# I'm having to spoon feed my crested gecko



## allyf1 (Feb 17, 2011)

I bought my gecko about 2-3 weeks ago.

The tanks set up is that there is a big log on one side covered by foliage and on the other side vines. I have a water and a food bowl on the ground of the tank.
He refuses to come down from the top of the tank or from the foliage. If I move the foliage to the other side of the tank, he remains on the big log at the top.
I worry that he is not eating and have been spoon-feeding him every few days. I did put 3 crickets in at different times of which I think he ate 2 as I never saw them again. I dont think he has done a poo though, which makes me worry he isnt eating!

I have only seen him come from the top of the log once when he was shedding his skin, which he ate, and I still cant find any poo!!

Should I get more foliage all over the tank to encourage him to not just stay in one small area.
Also how often should I take him out and hold him for?

Thanks!!


----------



## jools (Apr 4, 2009)

First I would like to say welcome to RFUK!

I don't keep cresties although I have much experience with many lizards so my reply is based on this.
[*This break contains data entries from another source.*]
lemma mat_cong_mult: "mat_cong n A A' \<Longrightarrow> mat_cong n B B' \<Longrightarrow> mat_cong n (A ** B) (A' ** B')"
  unfolding mat_cong_def matrix_matrix_mult_def by (simp add: sum_2 cong_add cong_mult)

lemma mat_cong_det: "mat_cong n A B \<Longrightarrow> [det A = det B] (mod n)"
  unfolding mat_cong_def det_2 by (simp add: cong_diff cong_mult)

lemma mat_cong_mtrace2: "mat_cong n A B \<Longrightarrow> [mtrace2 A = mtrace2 B] (mod n)"
  unfolding mat_cong_def mtrace2_def by (simp add: cong_add)

lemma mat_cong_scalar_mult: "[x = 1] (mod n) \<Longrightarrow> mat_cong n (mat x ** A) A"
proof -
  assume "[x = 1] (mod n)"
  then have "[x * A $ i $ j = A $ i $ j] (mod n)" for i j
    using cong_scalar_right[of x 1 n] by simp
  moreover have "(mat x ** A) $ i $ j = x * A $ i $ j" for i j
    using exhaust_2[of i] by (auto simp: matrix_matrix_mult_def mat_def sum_2)
  ultimately show ?thesis
    by (simp add: mat_cong_def)
qed

lemma dvd_mgcd_iff_cong_scalar: "n dvd mgcd M \<longleftrightarrow> (\<exists>a. mat_cong n M (mat a))"
proof
  assume "n dvd mgcd M"
  then have "mat_cong n M (mat (M$1$1))"
    by (auto simp: mat_cong_def forall_2 mat_def mgcd_def cong_0_iff cong_iff_dvd_diff
        dest: dvd_trans[OF _ gcd_dvd2] dvd_trans[OF _ gcd_dvd1])
  then show "\<exists>a. mat_cong n M (mat a)" ..
next
  assume "\<exists>a. mat_cong n M (mat a)"
  then obtain a where H: "\<And>i j. [M$i$j = mat a $ i $ j] (mod n)"
    by (auto simp: mat_cong_def)
  have "[M$1$2 = 0] (mod n)" "[M$2$1 = 0] (mod n)"
    using H[of 1 2] H[of 2 1] by (simp_all add: mat_def)
  moreover have "[M$2$2 - M$1$1 = a - a] (mod n)"
    using cong_diff[OF H[of 2 2] H[of 1 1]] by (simp add: mat_def)
  ultimately show "n dvd mgcd M"
    by (simp add: mgcd_def cong_0_iff)
qed

definition mat_inverse_mod :: "int \<Rightarrow> int^2^2 \<Rightarrow> int^2^2 \<Rightarrow> bool" where
  "mat_inverse_mod n P Q \<longleftrightarrow> mat_cong n (P ** Q) (mat 1) \<and> mat_cong n (Q ** P) (mat 1)"

lemma conj_mod_iff_inverse_mod:
  "conj_mod n M M' \<longleftrightarrow> (\<exists>P Q. mat_inverse_mod n P Q \<and> mat_cong n (P ** M ** Q) M')"
  by (simp add: conj_mod_def mat_inverse_mod_def)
All lizards suffer from relocation stress - some individuals more than others. This usually causes them to stop eating for a while. The best thing you can do is to minimise this. You do this by letting them settle into their new environment. Don't move things around and don't handle your crestie yet - they ATM see you as a predator. Assuming that he/she is a healthy size and weight you should not need to spoon feed at this stage - this will only add to the stress. I hope this helps.


----------



## pigglywiggly (Jul 19, 2008)

i have cresties.

how big/old is he?

if you`ve only had him a few weeks i wouldnt handle him at all yet, not till you can see him pooping regularly.
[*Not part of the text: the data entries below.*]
definition learning_space :: "'a set set \<Rightarrow> bool" where
  "learning_space F \<longleftrightarrow> knowledge_structure F \<and> axiom_L1 F \<and> axiom_L2 F"

definition projection :: "'a set set \<Rightarrow> 'a set \<Rightarrow> 'a set set" where
  "projection F Q' = (\<lambda>K. K \<inter> Q') ` F"

definition equiv_class :: "'a set set \<Rightarrow> 'a set \<Rightarrow> 'a set \<Rightarrow> 'a set set" where
  "equiv_class F Q' K = {L \<in> F. L \<inter> Q' = K \<inter> Q'}"

definition child :: "'a set set \<Rightarrow> 'a set \<Rightarrow> 'a set \<Rightarrow> 'a set set" where
  "child F Q' K = (\<lambda>L. L - \<Inter>(equiv_class F Q' K)) ` equiv_class F Q' K"

end

(*
  For families of finite sets, well-gradedness is equivalent to a local condition: for distinct
  members K and L, toggling some element of the symmetric difference of K and L turns K into a
  member again. This condition and union-closure pass to projections (a toggle outside Q' leaves
  the trace on Q' unchanged, so one keeps walking towards L until a toggle inside Q' occurs), to
  the classes [K] (toggles between equivalent sets happen outside Q'), and to children (deleting
  the common core \<Inter>[K] commutes with both). For finite families containing the empty set,
  learning spaces are exactly the well-graded union-closed families, which reduces the
  learning-space half of the theorem to the other half.
*)
theory Submission
  imports Defs
begin
lemma nth_jump_less:
  assumes "j0 < length x" "p < length x" "p \<noteq> j0" "jump x j0 ! p \<noteq> x ! p"
  shows "jump x j0 ! p < x ! p \<and> x ! p \<noteq> \<infinity>"
proof -
  obtain k where k: "jump_seq x j0 (Suc k) = Some p"
    using assms nth_jump_off_seq by blast
  obtain c where c: "jump_seq x j0 k = Some c" "next_jump x c = Some p"
    using jump_seq_SucE[OF k] .
  have "x ! c < x ! p \<and> x ! p \<noteq> \<infinity>"
    using next_jump_SomeD[OF c(2) jump_seq_less_length[OF c(1) assms(1)]] by simp
  then show ?thesis using nth_jump_on_seq[OF assms(1) k] c(1) by simp
qed

lemma next_jump_at_max:
  assumes "g < length x" "\<forall>p<length x. x ! p \<noteq> \<infinity> \<longrightarrow> x ! p \<le> x ! g"
  shows "next_jump x g = None"
proof -
  have "\<forall>q\<in>larger_sites x g. \<not> q < length x"
    using assms by (auto simp: larger_sites_def leD)
  then show ?thesis using next_jump_eq_first_from[OF assms(1)] first_from_None_iff by metis
qed

text \<open>In a marked word the free terminal sites carry the mark \<open>M\<close>, and the particles placed so far have
  size at most \<open>s < M\<close>.\<close>

definition marked :: "nat \<Rightarrow> nat \<Rightarrow> enat list \<Rightarrow> bool" where
  "marked M s w \<longleftrightarrow> (\<forall>p<length w. w ! p = \<infinity> \<or> w ! p = enat M \<or> (\<exists>v. w ! p = enat v \<and> v \<le> s))"

definition marks :: "nat \<Rightarrow> enat list \<Rightarrow> nat set" where
  "marks M w = {p. p < length w \<and> w ! p = enat M}"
young cresties like live food more often than older ones. 
my babies have small dusted crix 2x a week and get offered cgd 3x a week.

i wouldnt spoon feed the crestie at all tbh - you run the risk of stressing him up more, it`ll take him longerto settle, getting food stuck in his nostrils and making him lazy so that he will not feed himself.

more foilage hiding places sound a good idea, hopefully once he`s feeling more secure he`ll come out more often.


----------